- Directed by: Karl Ritter
- Written by: Felix Lützkendorf; Karl Ritter;
- Produced by: Karl Ritter
- Starring: Paul Hartmann; Albert Hehn; Fritz Kampers;
- Cinematography: Günther Anders
- Edited by: Gottfried Ritter
- Music by: Herbert Windt
- Production company: UFA
- Release date: 1939;
- Country: Nazi Germany
- Language: German

= Legion Condor (film) =

1939 film

Legion Condor is a 1939 German war film directed by Karl Ritter and starring Paul Hartmann, Albert Hehn and Fritz Kampers. The film portrays the German Condor Legion, which fought in the Spanish Civil War. Because of the German-Soviet Pact, the production was halted after 15 days of shooting, on 25 August 1939, to avoid offending the Soviets, who had supported the other side in Spain and were negatively portrayed in the film. Karl Ritter's diary entry that day stated that Hermann Göring had called the Ufa studio to tell him to abort the film.

The film is often confused with the full-length documentary film by Karl Ritter, Im Kampf Gegen den Weltfeind (In the Battle against World Enemy #1), released on 15 June 1939 on the same subject. Legion Condor was planned as a sequel to Ritter's highly successful 1938 feature film, Pour le Merite, also starring Paul Hartmann, Albert Hehn, Fritz Kampers, Carsta Löck, amongst others.

In August 2018 the long-lost Ufa film script was found in a used bookstore in Berlin. No copy of the script is found in any German film archive or institution.
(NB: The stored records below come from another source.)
lemma m2_cont_const: "m2_cont S (\<lambda>t. c)"
  by (simp add: m2_cont_def)

lemma m2_cont_corner: "continuous_on S f \<Longrightarrow> m2_cont S (\<lambda>t. corner (f t))"
  by (simp add: m2_cont_def)

text \<open>If a path of unitaries \<open>g\<close> on \<open>[0,1]\<close> satisfies \<open>g(1) = g(0) v\<close>, then
  \<open>s \<mapsto> g(0)\<^sup>* g(1 - s)\<close> connects \<open>v\<close> to \<open>1\<close>.\<close>
lemma homotopic_to_one_from_path:
  fixes g :: "real \<Rightarrow> 'a::cstar_algebra"
  assumes cont: "continuous_on {0..1} g" and unit: "\<forall>t\<in>{0..1}. unitary (g t)"
    and ends: "g 1 = g 0 * v"
  shows "homotopic_to_one v"
  unfolding homotopic_to_one_def
proof (intro exI conjI)
  let ?h = "\<lambda>s. cstar (g 0) * g (1 - s)"
  have g0: "unitary (g 0)" using unit by auto
  have "continuous_on {0..1} (\<lambda>s. g (1 - s))"
    by (rule continuous_on_compose2[OF cont]) (auto intro: continuous_intros)
  thus "continuous_on {0..1} ?h" by (intro continuous_intros)
  show "\<forall>s\<in>{0..1}. unitary (?h s)" using unit g0 by (auto intro!: unitary_mult unitary_cstar)
  show "?h 0 = v" using g0 by (simp add: ends mult.assoc[symmetric] unitary_def)
  show "?h 1 = 1" using g0 by (simp add: unitary_def)
qed

text \<open>On the corner
  \<open>P M\<^sub>2(A) P\<close> with \<open>P = U diag(1,0) U\<^sup>*\<close> this is a \<open>*\<close>-isomorphism onto \<open>A\<close>; it identifies
  the fibres of \<open>\<B>\<close> with \<open>A\<close>.\<close>
definition compress :: "'a::cstar_algebra m2 \<Rightarrow> 'a m2 \<Rightarrow> 'a" where
  "compress U X = e11 (m2_mult (m2_mult (m2_star U) X) U)"

lemma compress_corner:
  assumes U: "m2_unitary U" and P: "P = m2_mult (m2_mult U (corner 1)) (m2_star U)"
    and X: "m2_mult (m2_mult P X) P = X"
  shows "m2_mult (m2_mult (m2_star U) X) U = corner (compress U X)"
proof -
  note u = m2_unitaryD[OF U]
  have "m2_mult (m2_mult (m2_star U) X) U
      = m2_mult (corner 1) (m2_mult (m2_mult (m2_mult (m2_star U) X) U) (corner 1))"
    by (subst X[symmetric]) (simp add: P m2_mult_assoc u m2_star_mult)
  also have "\<dots> = corner (compress U X)"
    unfolding compress_def by (cases "m2_mult (m2_mult (m2_star U) X) U") simp
  finally show ?thesis .
qed
(* Let $(g,q,w)$ be an $m\times n$ absorbing game with all entries of $g,q,w$ rational and with deterministic transitions, i.e. $q_{ij}\in\{0,1\}$ for all $(i,j)$. If $\min(m,n)<3$, then the limit value $v=\lim_{\lambda\to0}v_\lambda$ is a rational number. *)

theory Defs
  imports "HOL-Analysis.Analysis"
begin

definition mixed_strats :: "nat \<Rightarrow> (nat \<Rightarrow> real) set" where
  "mixed_strats k = {x. (\<forall>i<k. 0 \<le> x i) \<and> (\<Sum>i<k. x i) = 1 \<and> (\<forall>i\<ge>k. x i = 0)}"

definition bil :: "nat \<Rightarrow> nat \<Rightarrow> (nat \<Rightarrow> nat \<Rightarrow> real) \<Rightarrow> (nat \<Rightarrow> real) \<Rightarrow> (nat \<Rightarrow> real) \<Rightarrow> real" where
  "bil m n A x y = (\<Sum>i<m. \<Sum>j<n. x i * y j * A i j)"

definition mval :: "nat \<Rightarrow> nat \<Rightarrow> (nat \<Rightarrow> nat \<Rightarrow> real) \<Rightarrow> real" where
  "mval m n A = (SUP x\<in>mixed_strats m. INF y\<in>mixed_strats n. bil m n A x y)"

text \<open>Shapley operator of the absorbing game (g,q,w) with discount factor l:
  stage payoff g; with probability q the game is absorbed, and payoff w is received forever after.\<close>
definition shapley :: "nat \<Rightarrow> nat \<Rightarrow> (nat \<Rightarrow> nat \<Rightarrow> real) \<Rightarrow> (nat \<Rightarrow> nat \<Rightarrow> real) \<Rightarrow>
    (nat \<Rightarrow> nat \<Rightarrow> real) \<Rightarrow> real \<Rightarrow> real \<Rightarrow> real" where
  "shapley m n g q w l v =
     mval m n (\<lambda>i j. l * g i j + (1 - l) * (q i j * w i j + (1 - q i j) * v))"

definition disc_val :: "nat \<Rightarrow> nat \<Rightarrow> (nat \<Rightarrow> nat \<Rightarrow> real) \<Rightarrow> (nat \<Rightarrow> nat \<Rightarrow> real) \<Rightarrow>
    (nat \<Rightarrow> nat \<Rightarrow> real) \<Rightarrow> real \<Rightarrow> real" where
  "disc_val m n g q w l = (THE v. v = shapley m n g q w l v)"

end

theory Submission
  imports Defs
begin

text \<open>
  If one player has at most two actions, the value of a matrix game is the maximum of the lower
  envelope of finitely many lines, so it is either an entry of the matrix or the value
  (a d - b c) / (a + d - b - c) of a 2x2 subgame in which both players mix strictly.
  The discounted value v(l) is the fixed point of the contracting Shapley operator, that is, the
  value of the matrix l g + (1 - l) (q w + (1 - q) v(l)). With deterministic transitions every
  entry of this matrix minus v(l) is l^e times a factor with e \<in> {0, 1}, and as (v, l) tends
  to (u, 0) these factors tend to y - u, where y is w on absorbing cells and g elsewhere.
  So v(l) can stay close to u only if u is some y(i, j) or the 2x2 formula applied to the y's:
  a strictly mixed 2x2 block satisfies a d = b c, which in the limit either yields that formula
  (when both sides carry the same power of l) or is impossible (when they do not).
  These candidates form a finite set of rationals, and a continuous bounded function that avoids
  every other point converges to one of them.
\<close>

section \<open>Matrix games\<close>

lemma mixed_strats_nonneg: "x \<in> mixed_strats k \<Longrightarrow> 0 \<le> x i"
  unfolding mixed_strats_def by (cases "i < k") auto

lemma mixed_strats_sum: "x \<in> mixed_strats k \<Longrightarrow> (\<Sum>i<k. x i) = 1"
  unfolding mixed_strats_def by auto

lemma mixed_strats_le_one:
  assumes "x \<in> mixed_strats k" shows "x i \<le> 1"
proof (cases "i < k")
  case True
  then have "x i \<le> (\<Sum>i<k. x i)"
    using assms by (intro member_le_sum) (auto intro: mixed_strats_nonneg)
  then show ?thesis using mixed_strats_sum[OF assms] by simp
qed (use assms in \<open>auto simp: mixed_strats_def\<close>)

lemma mixed_average_le:
  assumes "x \<in> mixed_strats k" "\<forall>i<k. c i \<le> V"
  shows "(\<Sum>i<k. x i * c i) \<le> V"
proof -
  have "(\<Sum>i<k. x i * c i) \<le> (\<Sum>i<k. x i * V)"
    using assms by (intro sum_mono mult_left_mono) (auto intro: mixed_strats_nonneg)
  also have "\<dots> = V" using mixed_strats_sum[OF assms(1)] by (simp add: sum_distrib_right[symmetric])
  finally show ?thesis .
qed

lemma mixed_average_ge:
  assumes "x \<in> mixed_strats k" "\<forall>i<k. V \<le> c i"
  shows "V \<le> (\<Sum>i<k. x i * c i)"
  using mixed_average_le[OF assms(1), of "\<lambda>i. - c i" "- V"] assms(2)
  by (simp add: sum_negf)

lemma bil_by_rows: "bil m n A x y = (\<Sum>i<m. x i * (\<Sum>j<n. y j * A i j))"
  unfolding bil_def by (simp add: sum_distrib_left algebra_simps)

lemma bil_by_columns: "bil m n A x y = (\<Sum>j<n. y j * (\<Sum>i<m. x i * A i j))"
  unfolding bil_def by (subst sum.swap) (simp add: sum_distrib_left algebra_simps)

lemma bil_ge_neg_sum_abs:
  assumes "x \<in> mixed_strats m" "y \<in> mixed_strats n"
  shows "- (\<Sum>i<m. \<Sum>j<n. \<bar>A i j\<bar>) \<le> bil m n A x y"
proof -
  have "- \<bar>A i j\<bar> \<le> x i * y j * A i j" for i j
  proof -
    have "0 \<le> x i * y j" "x i * y j \<le> 1"
      using assms by (auto intro: mixed_strats_nonneg mixed_strats_le_one mult_le_one mult_nonneg_nonneg)
    then have "\<bar>x i * y j * A i j\<bar> \<le> \<bar>A i j\<bar>"
      by (simp add: abs_mult mult_left_le_one_le)
    then show ?thesis by linarith
  qed
  then show ?thesis unfolding bil_def by (simp add: sum_negf[symmetric] sum_mono)
qed

definition saddle_value :: "nat \<Rightarrow> nat \<Rightarrow> (nat \<Rightarrow> nat \<Rightarrow> real) \<Rightarrow> real \<Rightarrow> bool" where
  "saddle_value m n A V \<longleftrightarrow> (\<exists>x\<in>mixed_strats m. \<exists>y\<in>mixed_strats n.
     (\<forall>j<n. V \<le> (\<Sum>i<m. x i * A i j)) \<and> (\<forall>i<m. (\<Sum>j<n. y j * A i j) \<le> V))"

lemma mval_eq_saddle_value:
  assumes "saddle_value m n A V"
  shows "mval m n A = V"
proof -
  obtain x0 y0 where x0: "x0 \<in> mixed_strats m" and y0: "y0 \<in> mixed_strats n"
    and guarantee1: "\<forall>j<n. V \<le> (\<Sum>i<m. x0 i * A i j)"
    and guarantee2: "\<forall>i<m. (\<Sum>j<n. y0 j * A i j) \<le> V"
    using assms unfolding saddle_value_def by blast
  have bdd: "bdd_below ((\<lambda>y. bil m n A x y) ` mixed_strats n)" if "x \<in> mixed_strats m" for x
    using bil_ge_neg_sum_abs[OF that, of _ n A] by (intro bdd_belowI2) auto
  have inf_le: "(INF y\<in>mixed_strats n. bil m n A x y) \<le> V" if x: "x \<in> mixed_strats m" for x
  proof -
    have "(INF y\<in>mixed_strats n. bil m n A x y) \<le> bil m n A x y0"
      by (rule cINF_lower[OF bdd[OF x] y0])
    also have "\<dots> \<le> V"
      unfolding bil_by_rows using guarantee2 by (intro mixed_average_le[OF x]) auto
    finally show ?thesis .
  qed
  have "V \<le> (INF y\<in>mixed_strats n. bil m n A x0 y)"
    using y0 guarantee1 unfolding bil_by_columns
    by (intro cINF_greatest) (auto intro: mixed_average_ge)
  also have "\<dots> \<le> mval m n A"
    unfolding mval_def using x0 inf_le by (intro cSUP_upper bdd_aboveI2) auto
  finally show ?thesis
    unfolding mval_def using x0 inf_le by (intro antisym cSUP_least) auto
qed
A monograph on the film has been published by William Gillespie, titled Legion Condor – Karl Ritter's lost 1939 feature film.

==Cast==
- Paul Hartmann as Kommandant der Jagdflieger
- Albert Hehn as Jagdflieger
- Fritz Kampers as Oberfeldwebel Moebius
- Josef Dahmen as Unteroffizier
- Willi Rose as Unteroffizier
- Otto Graf
- Karl John
- Wolfgang Staudte
- Heinz Welzel
- Herbert A.E. Bohme
- Carsta Löck
- Marina von Ditmar
- Ernst Bader
- Dima Detoor
- Andrews Engelmann
- Irene Fischer
- Friedrich Gnaß
- Lutz Götz
- Malte Jäger
- Karl Klüsner
- Franz Kossak
- Lothar Körner
- Lea Niako
- Ruth Nimbach
- Lili Schoenborn-Anspach
- Ursula Ulrich
- Ernst von Klipstein

== Bibliography ==
- Kreimeier, Klaus (1999). "The Ufa Story: A History of Germany's Greatest Film Company, 1918–1945"
- Gillespie, William (2014). "Karl Ritter: His Life and 'Zeitfilms' Under National Socialism"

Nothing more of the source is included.